TASK TO COMPLETE => Keep only the lines that hold the string "nonunit", filtering out the rest of the entries below.

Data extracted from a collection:
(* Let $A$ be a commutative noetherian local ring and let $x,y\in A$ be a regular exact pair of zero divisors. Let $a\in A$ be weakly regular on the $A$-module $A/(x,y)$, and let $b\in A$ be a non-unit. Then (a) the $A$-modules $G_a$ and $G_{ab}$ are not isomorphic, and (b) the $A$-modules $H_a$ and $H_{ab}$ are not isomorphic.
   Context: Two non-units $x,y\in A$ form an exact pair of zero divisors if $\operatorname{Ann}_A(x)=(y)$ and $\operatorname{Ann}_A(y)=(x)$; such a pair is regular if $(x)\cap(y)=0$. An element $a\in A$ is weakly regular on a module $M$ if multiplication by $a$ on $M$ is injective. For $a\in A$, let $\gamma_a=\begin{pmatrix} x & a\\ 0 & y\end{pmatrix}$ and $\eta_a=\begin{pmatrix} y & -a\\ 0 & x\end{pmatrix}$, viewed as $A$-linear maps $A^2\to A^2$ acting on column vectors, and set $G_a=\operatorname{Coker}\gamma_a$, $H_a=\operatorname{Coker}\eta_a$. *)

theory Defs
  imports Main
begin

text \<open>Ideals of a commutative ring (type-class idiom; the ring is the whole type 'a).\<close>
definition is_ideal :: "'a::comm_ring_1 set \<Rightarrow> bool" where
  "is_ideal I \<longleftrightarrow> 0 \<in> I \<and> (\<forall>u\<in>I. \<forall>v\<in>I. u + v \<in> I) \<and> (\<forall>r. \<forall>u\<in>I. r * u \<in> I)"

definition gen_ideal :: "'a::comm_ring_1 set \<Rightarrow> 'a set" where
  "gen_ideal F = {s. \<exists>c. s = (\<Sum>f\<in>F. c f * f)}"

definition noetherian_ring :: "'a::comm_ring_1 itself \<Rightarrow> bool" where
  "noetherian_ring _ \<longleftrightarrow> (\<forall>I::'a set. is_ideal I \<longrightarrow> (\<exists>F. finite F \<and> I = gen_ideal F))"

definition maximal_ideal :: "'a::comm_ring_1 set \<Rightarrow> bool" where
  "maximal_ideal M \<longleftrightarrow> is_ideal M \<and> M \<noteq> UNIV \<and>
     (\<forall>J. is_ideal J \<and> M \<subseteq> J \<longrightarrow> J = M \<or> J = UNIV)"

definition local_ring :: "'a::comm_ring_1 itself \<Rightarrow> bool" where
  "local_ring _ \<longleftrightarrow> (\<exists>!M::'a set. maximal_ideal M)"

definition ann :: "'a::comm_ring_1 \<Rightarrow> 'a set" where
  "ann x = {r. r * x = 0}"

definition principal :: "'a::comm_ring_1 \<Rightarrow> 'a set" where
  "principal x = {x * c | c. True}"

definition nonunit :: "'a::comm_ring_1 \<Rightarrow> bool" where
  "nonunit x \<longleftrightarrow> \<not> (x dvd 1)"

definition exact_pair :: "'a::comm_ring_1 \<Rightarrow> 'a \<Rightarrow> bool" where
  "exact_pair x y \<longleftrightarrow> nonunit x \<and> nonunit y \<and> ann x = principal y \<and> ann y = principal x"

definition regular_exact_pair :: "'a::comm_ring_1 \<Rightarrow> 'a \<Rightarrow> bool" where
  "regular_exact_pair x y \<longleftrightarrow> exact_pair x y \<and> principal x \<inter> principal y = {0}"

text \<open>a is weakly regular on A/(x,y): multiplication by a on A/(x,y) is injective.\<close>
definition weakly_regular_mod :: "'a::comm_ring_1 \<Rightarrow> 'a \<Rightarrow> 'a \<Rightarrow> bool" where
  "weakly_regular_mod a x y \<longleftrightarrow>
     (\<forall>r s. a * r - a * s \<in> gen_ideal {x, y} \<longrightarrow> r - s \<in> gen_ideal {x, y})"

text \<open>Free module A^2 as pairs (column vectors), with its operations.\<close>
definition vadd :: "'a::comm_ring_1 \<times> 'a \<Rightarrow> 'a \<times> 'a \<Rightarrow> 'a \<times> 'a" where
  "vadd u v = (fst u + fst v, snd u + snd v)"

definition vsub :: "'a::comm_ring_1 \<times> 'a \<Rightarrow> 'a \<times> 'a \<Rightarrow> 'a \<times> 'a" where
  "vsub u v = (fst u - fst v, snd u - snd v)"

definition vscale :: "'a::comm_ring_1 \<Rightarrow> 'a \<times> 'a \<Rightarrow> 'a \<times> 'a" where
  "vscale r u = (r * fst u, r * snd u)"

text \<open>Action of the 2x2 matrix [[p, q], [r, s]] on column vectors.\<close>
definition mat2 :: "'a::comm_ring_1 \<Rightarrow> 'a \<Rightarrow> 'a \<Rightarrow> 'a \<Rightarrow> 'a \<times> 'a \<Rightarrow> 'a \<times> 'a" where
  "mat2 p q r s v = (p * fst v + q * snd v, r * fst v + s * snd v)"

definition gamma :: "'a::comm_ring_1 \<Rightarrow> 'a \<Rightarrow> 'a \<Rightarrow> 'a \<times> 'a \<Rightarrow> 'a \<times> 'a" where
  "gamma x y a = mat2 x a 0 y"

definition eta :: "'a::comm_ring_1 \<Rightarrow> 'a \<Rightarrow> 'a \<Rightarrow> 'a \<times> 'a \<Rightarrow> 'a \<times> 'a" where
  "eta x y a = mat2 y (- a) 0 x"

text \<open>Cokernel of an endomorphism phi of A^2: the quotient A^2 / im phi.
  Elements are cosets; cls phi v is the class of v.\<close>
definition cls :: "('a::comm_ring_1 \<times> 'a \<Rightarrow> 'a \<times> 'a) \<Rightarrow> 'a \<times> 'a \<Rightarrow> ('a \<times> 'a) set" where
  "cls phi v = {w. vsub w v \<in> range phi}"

RESULT OF THE TASK =>
definition nonunit :: "'a::comm_ring_1 \<Rightarrow> bool" where
  "nonunit x \<longleftrightarrow> \<not> (x dvd 1)"
  "exact_pair x y \<longleftrightarrow> nonunit x \<and> nonunit y \<and> ann x = principal y \<and> ann y = principal x"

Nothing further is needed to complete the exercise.